In the records below, find the line that contains "unfolding c_def by (simp add: algebra_simps)" and the line that contains "hi \<le> c lo +". Set down exactly those lines and every line between them, and nothing more.
(Beginning of DATA EXTRACT)
(* Let $p$ be an odd prime, let $v$ be an integer with $1<v<p-1$, let $g\in\{2,\dots,p-1\}$ be a primitive root modulo $p$ with $\gcd(g,v)=1$, let $t\ge1$ and $b\in\{0,\dots,v-1\}$. Let $$\rho(b,t)=\#\{i\in[1,p-1]:\ g^i\,\%\,p\not\equiv b,\ g^{i+t+1}\,\%\,p\not\equiv b,\ g^{i+j}\,\%\,p\equiv b\ (1\le j\le t)\},$$ all congruences modulo $v$. Write $p=q\,g^{t+1}+r$ with $0\le r<g^{t+1}$. Then $$\left\lfloor\frac{g}{v}\right\rfloor^{t-1}\left\lfloor\frac{(v-1)g}{v}\right\rfloor^2\left\lfloor\frac{q}{v}\right\rfloor\ \le\ \rho(b,t)\ \le\ \left\lceil\frac{g}{v}\right\rceil^{t-1}\left\lceil\frac{(v-1)g}{v}\right\rceil^2\left\lceil\frac{q+1}{v}\right\rceil.$$
   Context: $x\,\%\,p$ denotes the least nonnegative remainder of the integer $x$ modulo $p$. *)

theory Defs
  imports "HOL-Number_Theory.Number_Theory"
begin

definition rho :: "nat \<Rightarrow> nat \<Rightarrow> nat \<Rightarrow> nat \<Rightarrow> nat \<Rightarrow> nat" where
  "rho p g v b t = card {i \<in> {1..p-1}.
      \<not> [g ^ i mod p = b] (mod v) \<and>
      \<not> [g ^ (i + t + 1) mod p = b] (mod v) \<and>
      (\<forall>j \<in> {1..t}. [g ^ (i + j) mod p = b] (mod v))}"

end

(* Write x = g^i mod p for the start of a run and y_j = g^j x mod p for its orbit.  Then
   g y_j = p k_j + y_(j+1) with carries k_j < g, and k_0, ..., k_t are the base-g digits, most
   significant first, of K = floor(g^(t+1) x / p).  If y_j is congruent to b mod v, then so is
   y_(j+1) iff p k_j + b and g b are congruent mod v; as g is a unit mod v, the same test on k_0
   decides whether y_0 is in the class of b once y_1 is.  Hence x starts a run of length exactly t
   iff the test succeeds for the inner digits k_1, ..., k_(t-1), fails for k_0 and k_t, and g x is
   congruent to p k_0 + b.  As p is a unit mod v, the digits passing the test form one residue class
   mod v in [0, g), which has between floor(g/v) and ceil(g/v) elements.  For each admissible K the
   x form an interval of length q or q + 1, and the last congruence cuts it down to a residue class
   mod v, leaving between floor(q/v) and ceil((q+1)/v) points. *)

theory Submission
  imports Defs
begin

lemma less_div_mult_add:
  fixes m v :: nat
  assumes "0 < v"
  shows "m < m div v * v + v"
  using div_mult_mod_eq[of m v] mod_less_divisor[OF assms, of m] by linarith

lemma ceiling_divide_of_nat_eq:
  "\<lceil>real m / real n\<rceil> = int ((m + n - 1) div n)"
proof (cases "n = 0")
  case False
  define c where "c = (m + n - 1) div n"
  have "c * n \<le> m + n - 1" "m + n - 1 < c * n + n"
    using False less_div_mult_add[of n "m + n - 1"] unfolding c_def
    by simp_all
  then have "c * n < m + n" "m \<le> c * n"
    using False by linarith+
  then have "real c * real n < real m + real n" "real m \<le> real c * real n"
    by (simp_all only: of_nat_add [symmetric] of_nat_mult [symmetric] of_nat_less_iff of_nat_le_iff)
  then have "real c - 1 < real m / real n" "real m / real n \<le> real c"
    using False by (auto simp: field_simps)
  then show ?thesis unfolding c_def by (intro ceiling_unique) auto
qed simp

lemma div_add_le_div_add_ceiling:
  fixes m n v :: nat
  assumes "0 < v"
  shows "(m + n) div v \<le> m div v + (n + v - 1) div v"
proof -
  have "m + n < (m div v + (n + v - 1) div v + 1) * v"
    using less_div_mult_add[OF assms, of m] less_div_mult_add[OF assms, of "n + v - 1"]
    by (simp add: algebra_simps)
  then have "(m + n) div v < m div v + (n + v - 1) div v + 1"
    by (rule less_mult_imp_div_less)
  then show ?thesis
    by simp
qed

lemma ceiling_div_le_iff:
  fixes n N x :: nat
  assumes "0 < N"
  shows "(n + N - 1) div N \<le> x \<longleftrightarrow> n \<le> x * N"
proof -
  have "(n + N - 1) div N \<le> x \<longleftrightarrow> n + N - 1 < Suc x * N"
    using assms by (simp add: less_Suc_eq_le[symmetric] div_less_iff_less_mult)
  also have "\<dots> \<longleftrightarrow> n \<le> x * N"
    using assms by (cases N) auto
  finally show ?thesis .
qed

lemma card_residue_class_atLeastLessThan:
  fixes lo hi v a :: nat
  assumes "a < v"
  shows "\<lfloor>real (hi - lo) / real v\<rfloor> \<le> int (card {x \<in> {lo..<hi}. x mod v = a})"
    and "int (card {x \<in> {lo..<hi}. x mod v = a}) \<le> \<lceil>real (hi - lo) / real v\<rceil>"
proof -
  let ?S = "{x \<in> {lo..<hi}. x mod v = a}"
  define c where "c n = (n + (v - 1 - a)) div v" for n
  have v: "0 < v"
    using assms by simp
  have below_iff: "m * v + a < n \<longleftrightarrow> m < c n" for m n
  proof -
    have "m < c n \<longleftrightarrow> Suc m * v \<le> n + (v - 1 - a)"
      unfolding c_def using v by (simp add: Suc_le_eq[symmetric] less_eq_div_iff_mult_less_eq)
    then show ?thesis
      using assms by auto
  qed
  have S: "?S = (\<lambda>m. m * v + a) ` {c lo..<c hi}"
  proof (intro equalityI subsetI)
    fix x
    assume "x \<in> ?S"
    then have "x = x div v * v + a" "lo \<le> x" "x < hi"
      using div_mult_mod_eq[of x v] by auto
    then show "x \<in> (\<lambda>m. m * v + a) ` {c lo..<c hi}"
      using below_iff[of "x div v"] by (intro image_eqI[of _ _ "x div v"]) (auto simp: not_less[symmetric])
  next
    fix x
    assume "x \<in> (\<lambda>m. m * v + a) ` {c lo..<c hi}"
    then show "x \<in> ?S"
      using below_iff assms by (auto simp: not_less[symmetric])
  qed
  have "inj_on (\<lambda>m. m * v + a) {c lo..<c hi}"
    using v by (intro inj_onI) simp
  then have card_S: "card ?S = c hi - c lo"
    unfolding S by (simp add: card_image)
  have "(hi - lo) div v \<le> c hi - c lo \<and> c hi - c lo \<le> (hi - lo + v - 1) div v"
  proof (cases "lo \<le> hi")
    case True
    then have c_hi: "c hi = (lo + (v - 1 - a) + (hi - lo)) div v"
      unfolding c_def by (simp add: algebra_simps)
    have "c lo + (hi - lo) div v \<le> c hi"
      using c_hi div_add1_eq[of "lo + (v - 1 - a)" "hi - lo" v] unfolding c_def by linarith
    moreover have "c hi \<le> c lo + (hi - lo + v - 1) div v"
      using c_hi div_add_le_div_add_ceiling[OF v, of "lo + (v - 1 - a)" "hi - lo"]
      unfolding c_def by linarith
    ultimately show ?thesis
      by linarith
  next
    case False
    then have "c hi \<le> c lo"
      unfolding c_def by (simp add: div_le_mono)
    then show ?thesis
      using False by simp
  qed
  then show "\<lfloor>real (hi - lo) / real v\<rfloor> \<le> int (card ?S)"
    and "int (card ?S) \<le> \<lceil>real (hi - lo) / real v\<rceil>"
    unfolding card_S floor_divide_of_nat_eq ceiling_divide_of_nat_eq by simp_all
qed

lemma card_nonresidue_class_atLeastLessThan:
  fixes lo hi v a :: nat
  assumes "a < v"
  shows "\<lfloor>real ((v - 1) * (hi - lo)) / real v\<rfloor> \<le> int (card {x \<in> {lo..<hi}. x mod v \<noteq> a})"
    and "int (card {x \<in> {lo..<hi}. x mod v \<noteq> a}) \<le> \<lceil>real ((v - 1) * (hi - lo)) / real v\<rceil>"
proof -
  let ?S = "{x \<in> {lo..<hi}. x mod v = a}"
  let ?c = "card ?S" and ?y = "real (hi - lo) / real v"
  have "{x \<in> {lo..<hi}. x mod v \<noteq> a} = {lo..<hi} - ?S"
    by blast
  moreover have "card ({lo..<hi} - ?S) = card {lo..<hi} - ?c"
    by (rule card_Diff_subset) auto
  ultimately have card: "card {x \<in> {lo..<hi}. x mod v \<noteq> a} = (hi - lo) - ?c"
    by simp
  have "?c \<le> card {lo..<hi}"
    by (rule card_mono) auto
  then have card': "real_of_int (int (card {x \<in> {lo..<hi}. x mod v \<noteq> a})) = real (hi - lo) - real ?c"
    unfolding card by simp
  have frac: "real ((v - 1) * (hi - lo)) / real v = real (hi - lo) - ?y"
    using assms by (simp add: field_simps)
  have "real_of_int \<lfloor>?y\<rfloor> \<le> real ?c" "real ?c \<le> real_of_int \<lceil>?y\<rceil>"
    using card_residue_class_atLeastLessThan[OF assms, where lo = lo and hi = hi]
    by (simp_all only: of_int_le_iff[symmetric] of_int_of_nat_eq)
  moreover have "?y < real_of_int \<lfloor>?y\<rfloor> + 1" "real_of_int \<lceil>?y\<rceil> < ?y + 1"
    by linarith+
  ultimately show "\<lfloor>real ((v - 1) * (hi - lo)) / real v\<rfloor> \<le> int (card {x \<in> {lo..<hi}. x mod v \<noteq> a})"
    and "int (card {x \<in> {lo..<hi}. x mod v \<noteq> a}) \<le> \<lceil>real ((v - 1) * (hi - lo)) / real v\<rceil>"
    unfolding frac floor_le_iff le_ceiling_iff card' by linarith+
qed

lemma cong_linear_solutions_residue_class:
  fixes k d c v :: nat
  assumes "coprime k v" and "0 < v"
  obtains a where "a < v" and "\<And>x. [k * x + d = c] (mod v) \<longleftrightarrow> x mod v = a"
proof -
  define c' where "c' = c + (v - 1) * d"
  have "c' + d = c + v * d"
    using assms(2) unfolding c'_def by (cases v) (simp_all add: algebra_simps)
  then have shift: "[c' + d = c] (mod v)"
    by (simp add: cong_def)
  obtain a where a: "a < v" "[k * a = c'] (mod v)"
    using cong_solve_unique[OF assms(1)] assms(2) by blast
  have "[k * x + d = c] (mod v) \<longleftrightarrow> x mod v = a" for x
  proof -
    have "[k * x + d = c] (mod v) \<longleftrightarrow> [k * x + d = c' + d] (mod v)"
      using shift by (meson cong_sym cong_trans)
    also have "\<dots> \<longleftrightarrow> [k * x = k * a] (mod v)"
      using a(2) by (simp add: cong_add_rcancel_nat) (meson cong_sym cong_trans)
    also have "\<dots> \<longleftrightarrow> [x = a] (mod v)"
      using assms(1) by (rule cong_mult_lcancel_nat)
    also have "\<dots> \<longleftrightarrow> x mod v = a"
      using a(1) by (simp add: cong_def)
    finally show ?thesis .
  qed
  with a(1) show ?thesis
    by (rule that)
qed

lemma mult_div_fibre_interval:
  fixes N p K :: nat
  assumes "0 < N" and "0 < p"
  obtains lo hi where "{x. (N * x) div p = K} = {lo..<hi}"
    and "p div N \<le> hi - lo" and "hi - lo \<le> p div N + 1"
proof -
  define lo where "lo = (K * p + N - 1) div N"
  define hi where "hi = (K * p + p + N - 1) div N"
  have "(N * x) div p = K \<longleftrightarrow> K * p \<le> x * N \<and> \<not> K * p + p \<le> x * N" for x
  proof -
    have "(N * x) div p = K \<longleftrightarrow> K \<le> (N * x) div p \<and> \<not> K + 1 \<le> (N * x) div p"
      by linarith
    then show ?thesis
      using assms(2) by (simp add: less_eq_div_iff_mult_less_eq algebra_simps)
  qed
  moreover have "x \<in> {lo..<hi} \<longleftrightarrow> K * p \<le> x * N \<and> \<not> K * p + p \<le> x * N" for x
    unfolding lo_def hi_def atLeastLessThan_iff not_le[symmetric] ceiling_div_le_iff[OF assms(1)] ..
  ultimately have fibre: "{x. (N * x) div p = K} = {lo..<hi}"
    by blast
  have "hi = (K * p + N - 1 + p) div N"
    unfolding hi_def using assms(1) by (simp add: algebra_simps)
  then have "lo + p div N \<le> hi" and "hi \<le> lo + (p + N - 1) div N"
    unfolding lo_def using div_add1_eq[of "K * p + N - 1" p N]
      div_add_le_div_add_ceiling[OF assms(1), of "K * p + N - 1" p] by linarith+
  moreover have "(p + N - 1) div N \<le> p div N + 1"
    using div_le_mono[of "p + N - 1" "p + N" N] assms(1) by simp
  ultimately have "p div N \<le> hi - lo" and "hi - lo \<le> p div N + 1"
    by linarith+
  with fibre show ?thesis
    by (rule that)
qed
(End of DATA EXTRACT)
RESULT:
      unfolding c_def by (simp add: algebra_simps)
    have "c lo + (hi - lo) div v \<le> c hi"
      using c_hi div_add1_eq[of "lo + (v - 1 - a)" "hi - lo" v] unfolding c_def by linarith
    moreover have "c hi \<le> c lo + (hi - lo + v - 1) div v"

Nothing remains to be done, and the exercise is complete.